WHAT YOU WILL DO:
Of the lines below, write out exactly those from the line with "unfolding stokes_plus_def vmap_def" through the line with "(stokes_plus rk T) j i", both included, and skip the rest.

DATA FOR THE TASK:
+++

(* Let $n\ge 2$, let $u^o=(u^o_1,\dots,u^o_n)\in\mathbb{C}^n$ have pairwise distinct coordinates, let $\{u^o\}=\{u^o_1,\dots,u^o_n\}\subset\mathbb{C}_\lambda$, and let $L^o$ be a local system of finite rank on $\mathbb{C}_\lambda\setminus\{u^o\}$. Let $(M^o,\nabla^o)$ be the regular holonomic $\mathbb{C}[\lambda]\langle\partial_\lambda\rangle$-module corresponding to the intermediate extension $j_*L^o$ under the Riemann–Hilbert correspondence (with $j:\mathbb{C}_\lambda\setminus\{u^o\}\hookrightarrow\mathbb{C}_\lambda$), and let $(G^o,\nabla^o)$ be its localized Laplace transform. Fix a $u^o$-admissible argument $\theta^o$, and let $\Psi^o$, $\mathrm{T}_1,\dots,\mathrm{T}_n$ and the pair of Stokes matrices $(S^o_+,S^o_-)$ of $G^o$ be as described in the context. Then for $i\neq j\in\{1,\dots,n\}$, the blocks $(i,j)$ and $(j,i)$ of both $S^o_+$ and $S^o_-$ vanish if and only if \[ (\mathrm{id}-\mathrm{T}_j)|_{\mathrm{im}(\mathrm{id}-\mathrm{T}_i)}=0\quad\text{and}\quad(\mathrm{id}-\mathrm{T}_i)|_{\mathrm{im}(\mathrm{id}-\mathrm{T}_j)}=0. \]
   Context: The Laplace transform of a $\mathbb{C}[\lambda]\langle\partial_\lambda\rangle$-module $M$ is the $\mathbb{C}[\zeta]\langle\partial_\zeta\rangle$-module equal to $M$ as a vector space, with $\zeta$ acting as $\partial_\lambda$ and $\partial_\zeta$ acting as $-\lambda$; the localized Laplace transform is its tensor product with $\mathbb{C}[\zeta,\zeta^{-1}]$ over $\mathbb{C}[\zeta]$, viewed as a meromorphic connection in the variable $z=\zeta^{-1}$ (irregular pole at $z=0$). Its formalization over $\mathbb{C}(\!(z)\!)$ decomposes into blocks indexed by $i=1,\dots,n$ (of the form $u^o_i\,\mathrm{id}\,\mathrm{d}(1/z)+C_i\,\mathrm{d}z/z$), and Stokes matrices are decomposed into corresponding blocks $(i,j)$. An argument $\theta^o$ is $u^o$-admissible if, for each $i$, the closed real half-line $\ell_i$ with direction $\theta^o$ starting at $u^o_i$ contains no $u^o_j$, $j\neq i$; set $\ell^o=\bigcup_i\ell_i$ and $\ell_i^*=\ell_i\setminus\{u^o_i\}$. Set $\Psi^o=H^2_c(\mathbb{C}_\lambda\setminus\ell^o,L^o)$ and $\Psi^o_i=H^1_c(\ell_i^*,L^o)$, the latter with monodromy $\mathrm{T}_{ii}$ induced by the monodromy of $L^o$ around $u^o_i$; there are natural isomorphisms $h_i:\Psi^o_i\to\Psi^o$, and $\mathrm{T}_i=h_i\mathrm{T}_{ii}h_i^{-1}$ is the $i$-th monodromy on $\Psi^o$. By a result of Malgrange (in the topological form of D'Agnolo–Hien–Morando–Sabbah), there is a pair $(S^o_+,S^o_-)$ of Stokes matrices of $G^o$ (with respect to $\theta^o$), with blocks indexed by $i,j$ where the $i$-th block space is $\phi^o_i=\mathrm{im}(\mathrm{id}-\mathrm{T}_i)\subset\Psi^o$, such that for $i\neq j$ the off-diagonal blocks $(i,j)$ and $(j,i)$ are respectively $\mathrm{c}_j\circ\mathrm{v}_i$ and $0$ for $S^o_+$, and $0$ and $-\mathrm{c}_i\circ\mathrm{v}_j$ for $S^o_-$, where $\mathrm{c}_k=(\mathrm{id}-\mathrm{T}_k):\Psi^o\to\phi^o_k$ and $\mathrm{v}_k:\phi^o_k\hookrightarrow\Psi^o$ is the inclusion. The claim concerns this representative $(S^o_+,S^o_-)$. *)

theory Defs
  imports "Jordan_Normal_Form.Matrix"
begin

text \<open>Linear-algebra skeleton of the Malgrange / DHMS representative of the
Stokes matrices.  The space Psi is modelled as complex column vectors of
dimension N, the i-th monodromy T i as an N x N complex matrix.\<close>

definition cmap :: "(nat \<Rightarrow> complex mat) \<Rightarrow> nat \<Rightarrow> complex vec \<Rightarrow> complex vec" where
  "cmap T k x = x - T k *\<^sub>v x"

definition phi :: "nat \<Rightarrow> (nat \<Rightarrow> complex mat) \<Rightarrow> nat \<Rightarrow> complex vec set" where
  "phi N T k = cmap T k ` carrier_vec N"

definition vmap :: "complex vec \<Rightarrow> complex vec" where
  "vmap x = x"   \<comment> \<open>inclusion v_k : phi_k \<hookrightarrow> Psi\<close>

text \<open>Block (a,b) of a Stokes matrix is a map phi_a \<rightarrow> phi_b.  The order on the
indices induced by the admissible direction theta is given by a ranking rk:
index a comes before b iff rk a < rk b.  Diagonal blocks are irrelevant here and
set to the identity.\<close>

definition stokes_plus :: "(nat \<Rightarrow> nat) \<Rightarrow> (nat \<Rightarrow> complex mat) \<Rightarrow> nat \<Rightarrow> nat \<Rightarrow> complex vec \<Rightarrow> complex vec" where
  "stokes_plus rk T a b x =
     (if a = b then x
      else if rk a < rk b then cmap T b (vmap x) else 0\<^sub>v (dim_vec x))"

definition stokes_minus :: "(nat \<Rightarrow> nat) \<Rightarrow> (nat \<Rightarrow> complex mat) \<Rightarrow> nat \<Rightarrow> nat \<Rightarrow> complex vec \<Rightarrow> complex vec" where
  "stokes_minus rk T a b x =
     (if a = b then x
      else if rk b < rk a then - cmap T b (vmap x) else 0\<^sub>v (dim_vec x))"

definition block_vanishes ::
  "nat \<Rightarrow> (nat \<Rightarrow> complex mat) \<Rightarrow> (nat \<Rightarrow> nat \<Rightarrow> complex vec \<Rightarrow> complex vec) \<Rightarrow> nat \<Rightarrow> nat \<Rightarrow> bool" where
  "block_vanishes N T S a b = (\<forall>x \<in> phi N T a. S a b x = 0\<^sub>v N)"

end

theory Submission
  imports Defs
begin

text \<open>The positive Stokes matrix carries the off-diagonal block
\<open>c\<^sub>b \<circ> v\<^sub>a\<close> only for \<open>a\<close> before \<open>b\<close>, the negative one (up to sign) only for \<open>b\<close>
before \<open>a\<close>.  As the ranking is injective, exactly one of the two orders holds
for \<open>i \<noteq> j\<close>, so the four blocks together vanish precisely when both
restrictions \<open>c\<^sub>j|\<^bsub>\<phi>\<^sub>i\<^esub>\<close> and \<open>c\<^sub>i|\<^bsub>\<phi>\<^sub>j\<^esub>\<close> do.\<close>

lemma cmap_carrier_vec:
  assumes "T k \<in> carrier_mat N N" and "x \<in> carrier_vec N"
  shows "cmap T k x \<in> carrier_vec N"
  using assms unfolding cmap_def by simp

lemma phi_subset_carrier_vec:
  assumes "T k \<in> carrier_mat N N"
  shows "phi N T k \<subseteq> carrier_vec N"
  using cmap_carrier_vec[of T k N, OF assms] unfolding phi_def by blast

lemma block_vanishes_stokes_plus_iff:
  assumes "a \<noteq> b" and "T a \<in> carrier_mat N N"
  shows "block_vanishes N T (stokes_plus rk T) a b \<longleftrightarrow>
           (rk a < rk b \<longrightarrow> (\<forall>x \<in> phi N T a. cmap T b x = 0\<^sub>v N))"
proof -
  have "stokes_plus rk T a b x = (if rk a < rk b then cmap T b x else 0\<^sub>v N)"
    if "x \<in> phi N T a" for x
    using assms(1) that phi_subset_carrier_vec[of T a N, OF assms(2)]
    unfolding stokes_plus_def vmap_def by auto
  then show ?thesis
    unfolding block_vanishes_def by simp
qed

lemma block_vanishes_stokes_minus_iff:
  assumes "a \<noteq> b" and "T a \<in> carrier_mat N N" and "T b \<in> carrier_mat N N"
  shows "block_vanishes N T (stokes_minus rk T) a b \<longleftrightarrow>
           (rk b < rk a \<longrightarrow> (\<forall>x \<in> phi N T a. cmap T b x = 0\<^sub>v N))"
proof -
  have "(stokes_minus rk T a b x = 0\<^sub>v N) \<longleftrightarrow> (rk b < rk a \<longrightarrow> cmap T b x = 0\<^sub>v N)"
    if "x \<in> phi N T a" for x
  proof -
    have x: "x \<in> carrier_vec N"
      using that phi_subset_carrier_vec[of T a N, OF assms(2)] by blast
    then have "(- cmap T b x = 0\<^sub>v N) \<longleftrightarrow> (cmap T b x = 0\<^sub>v N)"
      using cmap_carrier_vec[of T b N, OF assms(3)] uminus_zero_vec_eq by blast
    then show ?thesis
      using assms(1) x unfolding stokes_minus_def vmap_def by auto
  qed
  then show ?thesis
    unfolding block_vanishes_def by simp
qed

theorem corollary1p2:
  fixes n N :: nat and T :: "nat \<Rightarrow> complex mat" and rk :: "nat \<Rightarrow> nat" and i j :: nat
  assumes "n \<ge> 2"
    and "\<forall>k\<in>{1..n}. T k \<in> carrier_mat N N"
    and "inj_on rk {1..n}"
    and "i \<in> {1..n}" and "j \<in> {1..n}" and "i \<noteq> j"
  shows "(block_vanishes N T (stokes_plus rk T) i j \<and> block_vanishes N T (stokes_plus rk T) j i
          \<and> block_vanishes N T (stokes_minus rk T) i j \<and> block_vanishes N T (stokes_minus rk T) j i)
         \<longleftrightarrow> ((\<forall>x \<in> phi N T i. cmap T j x = 0\<^sub>v N) \<and> (\<forall>x \<in> phi N T j. cmap T i x = 0\<^sub>v N))"
proof -
  have Ti: "T i \<in> carrier_mat N N" and Tj: "T j \<in> carrier_mat N N"
    using assms(2,4,5) by auto
  have "rk i \<noteq> rk j"
    using inj_onD[OF assms(3) _ assms(4,5)] assms(6) by blast
  then show ?thesis
    using block_vanishes_stokes_plus_iff[of i j T N rk] block_vanishes_stokes_plus_iff[of j i T N rk]
      block_vanishes_stokes_minus_iff[of i j T N rk] block_vanishes_stokes_minus_iff[of j i T N rk]
      assms(6) Ti Tj
    by (metis linorder_neqE_nat)
qed

end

+++

TASK ANSWER:
    unfolding stokes_plus_def vmap_def by auto
  then show ?thesis
    unfolding block_vanishes_def by simp
qed

lemma block_vanishes_stokes_minus_iff:
  assumes "a \<noteq> b" and "T a \<in> carrier_mat N N" and "T b \<in> carrier_mat N N"
  shows "block_vanishes N T (stokes_minus rk T) a b \<longleftrightarrow>
           (rk b < rk a \<longrightarrow> (\<forall>x \<in> phi N T a. cmap T b x = 0\<^sub>v N))"
proof -
  have "(stokes_minus rk T a b x = 0\<^sub>v N) \<longleftrightarrow> (rk b < rk a \<longrightarrow> cmap T b x = 0\<^sub>v N)"
    if "x \<in> phi N T a" for x
  proof -
    have x: "x \<in> carrier_vec N"
      using that phi_subset_carrier_vec[of T a N, OF assms(2)] by blast
    then have "(- cmap T b x = 0\<^sub>v N) \<longleftrightarrow> (cmap T b x = 0\<^sub>v N)"
      using cmap_carrier_vec[of T b N, OF assms(3)] uminus_zero_vec_eq by blast
    then show ?thesis
      using assms(1) x unfolding stokes_minus_def vmap_def by auto
  qed
  then show ?thesis
    unfolding block_vanishes_def by simp
qed

theorem corollary1p2:
  fixes n N :: nat and T :: "nat \<Rightarrow> complex mat" and rk :: "nat \<Rightarrow> nat" and i j :: nat
  assumes "n \<ge> 2"
    and "\<forall>k\<in>{1..n}. T k \<in> carrier_mat N N"
    and "inj_on rk {1..n}"
    and "i \<in> {1..n}" and "j \<in> {1..n}" and "i \<noteq> j"
  shows "(block_vanishes N T (stokes_plus rk T) i j \<and> block_vanishes N T (stokes_plus rk T) j i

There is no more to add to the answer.